**Exercise description**
Output every entry exactly as written.

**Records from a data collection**

== Segment start ==

(* Let $A=(a_{ij})$ be column-stochastic and compatible with the strongly connected digraph $\mathcal G$ with parameter $\bar m$, let $(i^k,\mathbf d^k)$ satisfy the asynchrony model with constants $T,D$, and let $\widehat{\mathbf A}^k=\mathbf S^k\mathbf C^k\in\mathbb R^{S\times S}$ be the augmented matrices defined in the context. Then for all $k\in\mathbb N_0$: (a) $\widehat{\mathbf A}^k$ is column-stochastic; (b) every entry in the rows indexed by $\mathcal V$ (the computing agents) of $\widehat{\mathbf A}^{k+K_1-1:k}$ is at least $\eta=\bar m^{K_1}$, where $K_1=(2I-1)T+ID$.
   Context: $\mathcal G=(\mathcal V,\mathcal E)$, $\mathcal V=\{1,\dots,I\}$, strongly connected digraph without self-loops; $(j,i)\in\mathcal E$ means $j$ sends to $i$; $\mathcal N_i^{\rm in}=\{j:(j,i)\in\mathcal E\}$, $\mathcal N_i^{\rm out}=\{j:(i,j)\in\mathcal E\}$. Compatibility with parameter $\bar m\in(0,1)$: $a_{ii}\ge\bar m$, $a_{ij}\ge\bar m$ for $(j,i)\in\mathcal E$, $a_{ij}=0$ otherwise. Asynchrony model: $(i^k,\mathbf d^k)$, $i^k\in\mathcal V$, $\mathbf d^k=(d_j^k)_{j\in\mathcal N^{\rm in}_{i^k}}$, every agent appears among $i^k,\dots,i^{k+T-1}$ for all $k$, $0\le d_j^k\le D$. Counters: $\tau_{ij}^{-1}=-D$ for $(j,i)\in\mathcal E$; $\tau_{i^kj}^k=\max(\tau_{i^kj}^{k-1},k-d_j^k)$ for $j\in\mathcal N^{\rm in}_{i^k}$, and $\tau_{ij}^k=\tau_{ij}^{k-1}$ for $i\ne i^k$. Augmented index set $\widehat{\mathcal V}=\mathcal V\cup\{(j,i)^d:(j,i)\in\mathcal E,\ d=0,\dots,D\}$ (virtual nodes), $S=|\widehat{\mathcal V}|=I+(D+1)|\mathcal E|$. Let $R^k=\{(j,i^k)^d: j\in\mathcal N^{\rm in}_{i^k},\ k-\tau^k_{i^kj}\le d\le D\}$. Sum matrix $\mathbf C^k$: $C^k_{hm}=1$ if $h=i^k$ and $m\in R^k$; $C^k_{hm}=1$ if $h=m\in\widehat{\mathcal V}\setminus R^k$; $0$ otherwise. Push matrix $\mathbf S^k$: $S^k_{(i^k,j)^0,\,i^k}=a_{ji^k}$ for $j\in\mathcal N^{\rm out}_{i^k}$; $S^k_{i^ki^k}=a_{i^ki^k}$; $S^k_{hh}=1$ for $h\in\mathcal V\setminus\{i^k\}$; $S^k_{(i,j)^{d+1},(i,j)^d}=1$ for $(i,j)\in\mathcal E$, $0\le d\le D-1$; $S^k_{(i,j)^D,(i,j)^D}=1$ for $(i,j)\in\mathcal E$; all other entries $0$. $\widehat{\mathbf A}^{k:t}=\widehat{\mathbf A}^k\cdots\widehat{\mathbf A}^t$ ($=\widehat{\mathbf A}^t$ if $k=t$). *)

theory Defs
  imports Complex_Main
begin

== Segment end ==

**Task result**
(* Let $A=(a_{ij})$ be column-stochastic and compatible with the strongly connected digraph $\mathcal G$ with parameter $\bar m$, let $(i^k,\mathbf d^k)$ satisfy the asynchrony model with constants $T,D$, and let $\widehat{\mathbf A}^k=\mathbf S^k\mathbf C^k\in\mathbb R^{S\times S}$ be the augmented matrices defined in the context. Then for all $k\in\mathbb N_0$: (a) $\widehat{\mathbf A}^k$ is column-stochastic; (b) every entry in the rows indexed by $\mathcal V$ (the computing agents) of $\widehat{\mathbf A}^{k+K_1-1:k}$ is at least $\eta=\bar m^{K_1}$, where $K_1=(2I-1)T+ID$.
   Context: $\mathcal G=(\mathcal V,\mathcal E)$, $\mathcal V=\{1,\dots,I\}$, strongly connected digraph without self-loops; $(j,i)\in\mathcal E$ means $j$ sends to $i$; $\mathcal N_i^{\rm in}=\{j:(j,i)\in\mathcal E\}$, $\mathcal N_i^{\rm out}=\{j:(i,j)\in\mathcal E\}$. Compatibility with parameter $\bar m\in(0,1)$: $a_{ii}\ge\bar m$, $a_{ij}\ge\bar m$ for $(j,i)\in\mathcal E$, $a_{ij}=0$ otherwise. Asynchrony model: $(i^k,\mathbf d^k)$, $i^k\in\mathcal V$, $\mathbf d^k=(d_j^k)_{j\in\mathcal N^{\rm in}_{i^k}}$, every agent appears among $i^k,\dots,i^{k+T-1}$ for all $k$, $0\le d_j^k\le D$. Counters: $\tau_{ij}^{-1}=-D$ for $(j,i)\in\mathcal E$; $\tau_{i^kj}^k=\max(\tau_{i^kj}^{k-1},k-d_j^k)$ for $j\in\mathcal N^{\rm in}_{i^k}$, and $\tau_{ij}^k=\tau_{ij}^{k-1}$ for $i\ne i^k$. Augmented index set $\widehat{\mathcal V}=\mathcal V\cup\{(j,i)^d:(j,i)\in\mathcal E,\ d=0,\dots,D\}$ (virtual nodes), $S=|\widehat{\mathcal V}|=I+(D+1)|\mathcal E|$. Let $R^k=\{(j,i^k)^d: j\in\mathcal N^{\rm in}_{i^k},\ k-\tau^k_{i^kj}\le d\le D\}$. Sum matrix $\mathbf C^k$: $C^k_{hm}=1$ if $h=i^k$ and $m\in R^k$; $C^k_{hm}=1$ if $h=m\in\widehat{\mathcal V}\setminus R^k$; $0$ otherwise. Push matrix $\mathbf S^k$: $S^k_{(i^k,j)^0,\,i^k}=a_{ji^k}$ for $j\in\mathcal N^{\rm out}_{i^k}$; $S^k_{i^ki^k}=a_{i^ki^k}$; $S^k_{hh}=1$ for $h\in\mathcal V\setminus\{i^k\}$; $S^k_{(i,j)^{d+1},(i,j)^d}=1$ for $(i,j)\in\mathcal E$, $0\le d\le D-1$; $S^k_{(i,j)^D,(i,j)^D}=1$ for $(i,j)\in\mathcal E$; all other entries $0$. $\widehat{\mathbf A}^{k:t}=\widehat{\mathbf A}^k\cdots\widehat{\mathbf A}^t$ ($=\widehat{\mathbf A}^t$ if $k=t$). *)

theory Defs
  imports Complex_Main
begin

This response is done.